Task instructions: Repeat the entries beneath in their entirety, precisely as given.

(Recorded data)
definition graph_Inter :: "('v, 's, 'd, 'p) graph set \<Rightarrow> ('v, 's, 'd, 'p) graph" where
  "graph_Inter S = \<lparr>gV = \<Inter>(gV ` S), gE = \<Inter>(gE ` S), gsig = \<Inter>(gsig ` S), gdel = \<Inter>(gdel ` S)\<rparr>"

definition consistent :: "('v, 's, 'd, 'p) graph \<Rightarrow> ('v, 's, 'd, 'p) graph \<Rightarrow> bool" where
  "consistent G H \<longleftrightarrow>
     (\<forall>e\<in>gE G \<union> gE H. two_elem e)
   \<and> (\<forall>e1\<in>gE G \<union> gE H. \<forall>e2\<in>gE G \<union> gE H. e1 \<noteq> e2 \<longrightarrow> e1 \<inter> e2 = {})
   \<and> (\<forall>x a b. (x, a) \<in> gsig G \<longrightarrow> (x, b) \<in> gsig H \<longrightarrow> a = b)
   \<and> (\<forall>x a b. (x, a) \<in> gdel G \<longrightarrow> (x, b) \<in> gdel H \<longrightarrow> a = b)"

definition adj :: "('v, 's, 'd, 'p) graph \<Rightarrow> 'v \<Rightarrow> 'v \<Rightarrow> bool" where
  "adj G u v \<longleftrightarrow> (\<exists>i j. {(u, i), (v, j)} \<in> gE G)"

definition gball :: "('v, 's, 'd, 'p) graph \<Rightarrow> 'v \<Rightarrow> nat \<Rightarrow> 'v set" where
  "gball G c r = {u \<in> gV G. \<exists>k\<le>r. (c, u) \<in> {(x, y). adj G x y} ^^ k}"

definition disk :: "('v, 's, 'd, 'p) graph \<Rightarrow> nat \<Rightarrow> 'v \<Rightarrow> ('v, 's, 'd, 'p) graph \<times> 'v" where
  "disk G r c =
    (let Er = {e \<in> gE G. \<exists>u i v j. e = {(u, i), (v, j)} \<and> (u \<in> gball G c r \<or> v \<in> gball G c r)}
     in (\<lparr>gV = gball G c (Suc r), gE = Er,
          gsig = {p \<in> gsig G. fst p \<in> gball G c r},
          gdel = {p \<in> gdel G. fst p \<in> Er}\<rparr>, c))"

definition disks :: "nat \<Rightarrow> (('v, 's, 'd, 'p::finite) graph \<times> 'v) set" where
  "disks r = {disk G r c | G c. wf_graph G \<and> c \<in> gV G}"

definition rename_edge :: "('v \<Rightarrow> 'v) \<Rightarrow> ('v \<times> 'p) set \<Rightarrow> ('v \<times> 'p) set" where
  "rename_edge R e = (\<lambda>(u, i). (R u, i)) ` e"

definition rename_graph :: "('v \<Rightarrow> 'v) \<Rightarrow> ('v, 's, 'd, 'p) graph \<Rightarrow> ('v, 's, 'd, 'p) graph" where
  "rename_graph R G = \<lparr>gV = R ` gV G, gE = rename_edge R ` gE G,
      gsig = (\<lambda>(v, s). (R v, s)) ` gsig G,
      gdel = (\<lambda>(e, d). (rename_edge R e, d)) ` gdel G\<rparr>"

definition rename_pointed :: "('v \<Rightarrow> 'v) \<Rightarrow> ('v, 's, 'd, 'p) graph \<times> 'v \<Rightarrow> ('v, 's, 'd, 'p) graph \<times> 'v" where
  "rename_pointed R D = (rename_graph R (fst D), R (snd D))"

definition local_rule :: "nat \<Rightarrow> (('v, 's, 'd, 'p::finite) graph \<times> 'v \<Rightarrow> ('v, 's, 'd, 'p) graph) \<Rightarrow> bool" where
  "local_rule r f \<longleftrightarrow>
     (\<forall>D\<in>disks r. wf_graph (f D))
   \<and> (\<forall>R. bij R \<longrightarrow> (\<exists>R'. bij R' \<and> (\<forall>D\<in>disks r. f (rename_pointed R D) = rename_graph R' (f D))))
   \<and> (\<forall>S. S \<subseteq> disks r \<longrightarrow> S \<noteq> {} \<longrightarrow> graph_Inter (fst ` S) = empty_graph
          \<longrightarrow> graph_Inter (f ` S) = empty_graph)
   \<and> (\<exists>b::nat. \<forall>D\<in>disks r. finite (gV (f D)) \<and> card (gV (f D)) \<le> b)
   \<and> (\<forall>G u v. wf_graph G \<longrightarrow> u \<in> gV G \<longrightarrow> v \<in> gV G \<longrightarrow> consistent (f (disk G r u)) (f (disk G r v)))"

definition is_graph_sup :: "('v, 's, 'd, 'p::finite) graph set \<Rightarrow> ('v, 's, 'd, 'p) graph \<Rightarrow> bool" where
  "is_graph_sup S X \<longleftrightarrow> wf_graph X \<and> (\<forall>Y\<in>S. graph_le Y X)
     \<and> (\<forall>Z. wf_graph Z \<longrightarrow> (\<forall>Y\<in>S. graph_le Y Z) \<longrightarrow> graph_le X Z)"

end

theory Submission
  imports Defs
begin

Written solution:
definition graph_Inter :: "('v, 's, 'd, 'p) graph set \<Rightarrow> ('v, 's, 'd, 'p) graph" where
  "graph_Inter S = \<lparr>gV = \<Inter>(gV ` S), gE = \<Inter>(gE ` S), gsig = \<Inter>(gsig ` S), gdel = \<Inter>(gdel ` S)\<rparr>"

definition consistent :: "('v, 's, 'd, 'p) graph \<Rightarrow> ('v, 's, 'd, 'p) graph \<Rightarrow> bool" where
  "consistent G H \<longleftrightarrow>
     (\<forall>e\<in>gE G \<union> gE H. two_elem e)
   \<and> (\<forall>e1\<in>gE G \<union> gE H. \<forall>e2\<in>gE G \<union> gE H. e1 \<noteq> e2 \<longrightarrow> e1 \<inter> e2 = {})
   \<and> (\<forall>x a b. (x, a) \<in> gsig G \<longrightarrow> (x, b) \<in> gsig H \<longrightarrow> a = b)
   \<and> (\<forall>x a b. (x, a) \<in> gdel G \<longrightarrow> (x, b) \<in> gdel H \<longrightarrow> a = b)"

definition adj :: "('v, 's, 'd, 'p) graph \<Rightarrow> 'v \<Rightarrow> 'v \<Rightarrow> bool" where
  "adj G u v \<longleftrightarrow> (\<exists>i j. {(u, i), (v, j)} \<in> gE G)"

definition gball :: "('v, 's, 'd, 'p) graph \<Rightarrow> 'v \<Rightarrow> nat \<Rightarrow> 'v set" where
  "gball G c r = {u \<in> gV G. \<exists>k\<le>r. (c, u) \<in> {(x, y). adj G x y} ^^ k}"

definition disk :: "('v, 's, 'd, 'p) graph \<Rightarrow> nat \<Rightarrow> 'v \<Rightarrow> ('v, 's, 'd, 'p) graph \<times> 'v" where
  "disk G r c =
    (let Er = {e \<in> gE G. \<exists>u i v j. e = {(u, i), (v, j)} \<and> (u \<in> gball G c r \<or> v \<in> gball G c r)}
     in (\<lparr>gV = gball G c (Suc r), gE = Er,
          gsig = {p \<in> gsig G. fst p \<in> gball G c r},
          gdel = {p \<in> gdel G. fst p \<in> Er}\<rparr>, c))"

definition disks :: "nat \<Rightarrow> (('v, 's, 'd, 'p::finite) graph \<times> 'v) set" where
  "disks r = {disk G r c | G c. wf_graph G \<and> c \<in> gV G}"

definition rename_edge :: "('v \<Rightarrow> 'v) \<Rightarrow> ('v \<times> 'p) set \<Rightarrow> ('v \<times> 'p) set" where
  "rename_edge R e = (\<lambda>(u, i). (R u, i)) ` e"

definition rename_graph :: "('v \<Rightarrow> 'v) \<Rightarrow> ('v, 's, 'd, 'p) graph \<Rightarrow> ('v, 's, 'd, 'p) graph" where
  "rename_graph R G = \<lparr>gV = R ` gV G, gE = rename_edge R ` gE G,
      gsig = (\<lambda>(v, s). (R v, s)) ` gsig G,
      gdel = (\<lambda>(e, d). (rename_edge R e, d)) ` gdel G\<rparr>"

definition rename_pointed :: "('v \<Rightarrow> 'v) \<Rightarrow> ('v, 's, 'd, 'p) graph \<times> 'v \<Rightarrow> ('v, 's, 'd, 'p) graph \<times> 'v" where
  "rename_pointed R D = (rename_graph R (fst D), R (snd D))"

definition local_rule :: "nat \<Rightarrow> (('v, 's, 'd, 'p::finite) graph \<times> 'v \<Rightarrow> ('v, 's, 'd, 'p) graph) \<Rightarrow> bool" where
  "local_rule r f \<longleftrightarrow>
     (\<forall>D\<in>disks r. wf_graph (f D))
   \<and> (\<forall>R. bij R \<longrightarrow> (\<exists>R'. bij R' \<and> (\<forall>D\<in>disks r. f (rename_pointed R D) = rename_graph R' (f D))))
   \<and> (\<forall>S. S \<subseteq> disks r \<longrightarrow> S \<noteq> {} \<longrightarrow> graph_Inter (fst ` S) = empty_graph
          \<longrightarrow> graph_Inter (f ` S) = empty_graph)
   \<and> (\<exists>b::nat. \<forall>D\<in>disks r. finite (gV (f D)) \<and> card (gV (f D)) \<le> b)
   \<and> (\<forall>G u v. wf_graph G \<longrightarrow> u \<in> gV G \<longrightarrow> v \<in> gV G \<longrightarrow> consistent (f (disk G r u)) (f (disk G r v)))"

definition is_graph_sup :: "('v, 's, 'd, 'p::finite) graph set \<Rightarrow> ('v, 's, 'd, 'p) graph \<Rightarrow> bool" where
  "is_graph_sup S X \<longleftrightarrow> wf_graph X \<and> (\<forall>Y\<in>S. graph_le Y X)
     \<and> (\<forall>Z. wf_graph Z \<longrightarrow> (\<forall>Y\<in>S. graph_le Y Z) \<longrightarrow> graph_le X Z)"

end

theory Submission
  imports Defs
begin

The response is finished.